Take every line from the listing below that includes "esub" and copy it.

- Opening Delimiter -

(* Let $G$ be a profinite group and let $\psi$ be an expansion map for $G$ with support $A$ and pointer $\chi_0$. Then for all $\sigma_1,\dots,\sigma_{\#A}\in G$, $$\phi_{A\setminus\{\chi_0\}}(\psi)\big([\sigma_1,[\sigma_2,[\dots,[\sigma_{\#A-1},\sigma_{\#A}]\dots]]]\big)=\sum_{f}\prod_{s=1}^{\#A}f(s)(\sigma_s),$$ where the sum runs over all bijections $f:\{1,\dots,\#A\}\to A$ with $f(\#A-1)=\chi_0$ or $f(\#A)=\chi_0$.
   Context: Let $A$ be a finite $\mathbb{F}_2$-linearly independent set of continuous homomorphisms $G\to\mathbb{F}_2$ with $\#A\geq2$, and $\chi_0\in A$. Let $W=\mathbb{F}_2^{A\setminus\{\chi_0\}}$ with basis $(e_\chi)_{\chi\in A\setminus\{\chi_0\}}$, and let $W$ act on the group algebra $\mathbb{F}_2[W]$ by multiplication by group elements, forming $\mathbb{F}_2[W]\rtimes W$. An expansion map for $G$ with support $A$ and pointer $\chi_0$ is a continuous homomorphism $\psi:G\to\mathbb{F}_2[W]\rtimes W$ such that for each $\chi\in A\setminus\{\chi_0\}$ the $\chi$-coordinate of the $W$-component of $\psi$ equals $\chi$, and $\varepsilon\circ(\text{first component of }\psi)=\chi_0$, where $\varepsilon$ is the augmentation of $\mathbb{F}_2[W]$ (this composite is the unique nontrivial character of $\mathbb{F}_2[W]\rtimes W$ trivial on $\{0\}\rtimes W$). Writing $t_\chi=1+[e_\chi]\in\mathbb{F}_2[W]$ and $t_B=\prod_{\chi\in B}t_\chi$ for $B\subseteq A\setminus\{\chi_0\}$, the $t_B$ form a basis of $\mathbb{F}_2[W]$, and $\phi_B(\psi):G\to\mathbb{F}_2$ denotes the coefficient of $t_B$ in the first component of $\psi$. Commutators are $[a,b]=aba^{-1}b^{-1}$. *)

theory Defs
  imports "HOL-Analysis.Analysis" "HOL-Algebra.Group" "HOL-Library.Z2" "HOL-Library.FuncSet"
begin

text \<open>F_2 is the field type bit.  G is a group in the HOL-Algebra sense together with a
topology T on its carrier.\<close>

definition profinite_group :: "('g, 'b) monoid_scheme \<Rightarrow> 'g topology \<Rightarrow> bool" where
  "profinite_group G T \<longleftrightarrow> group G \<and> topspace T = carrier G
     \<and> continuous_map (prod_topology T T) T (\<lambda>(x, y). x \<otimes>\<^bsub>G\<^esub> y)
     \<and> continuous_map T T (\<lambda>x. inv\<^bsub>G\<^esub> x)
     \<and> compact_space T \<and> Hausdorff_space T
     \<and> (\<forall>x \<in> topspace T. connected_component_of_set T x = {x})"

definition cont_char :: "('g, 'b) monoid_scheme \<Rightarrow> 'g topology \<Rightarrow> ('g \<Rightarrow> bit) \<Rightarrow> bool" where
  "cont_char G T chi \<longleftrightarrow> (\<forall>x \<in> carrier G. \<forall>y \<in> carrier G. chi (x \<otimes>\<^bsub>G\<^esub> y) = chi x + chi y)
     \<and> continuous_map T (discrete_topology (UNIV :: bit set)) chi"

- Closing Delimiter -

● **Task output**:
     \<and> continuous_map (prod_topology T T) T (\<lambda>(x, y). x \<otimes>\<^bsub>G\<^esub> y)
     \<and> continuous_map T T (\<lambda>x. inv\<^bsub>G\<^esub> x)
  "cont_char G T chi \<longleftrightarrow> (\<forall>x \<in> carrier G. \<forall>y \<in> carrier G. chi (x \<otimes>\<^bsub>G\<^esub> y) = chi x + chi y)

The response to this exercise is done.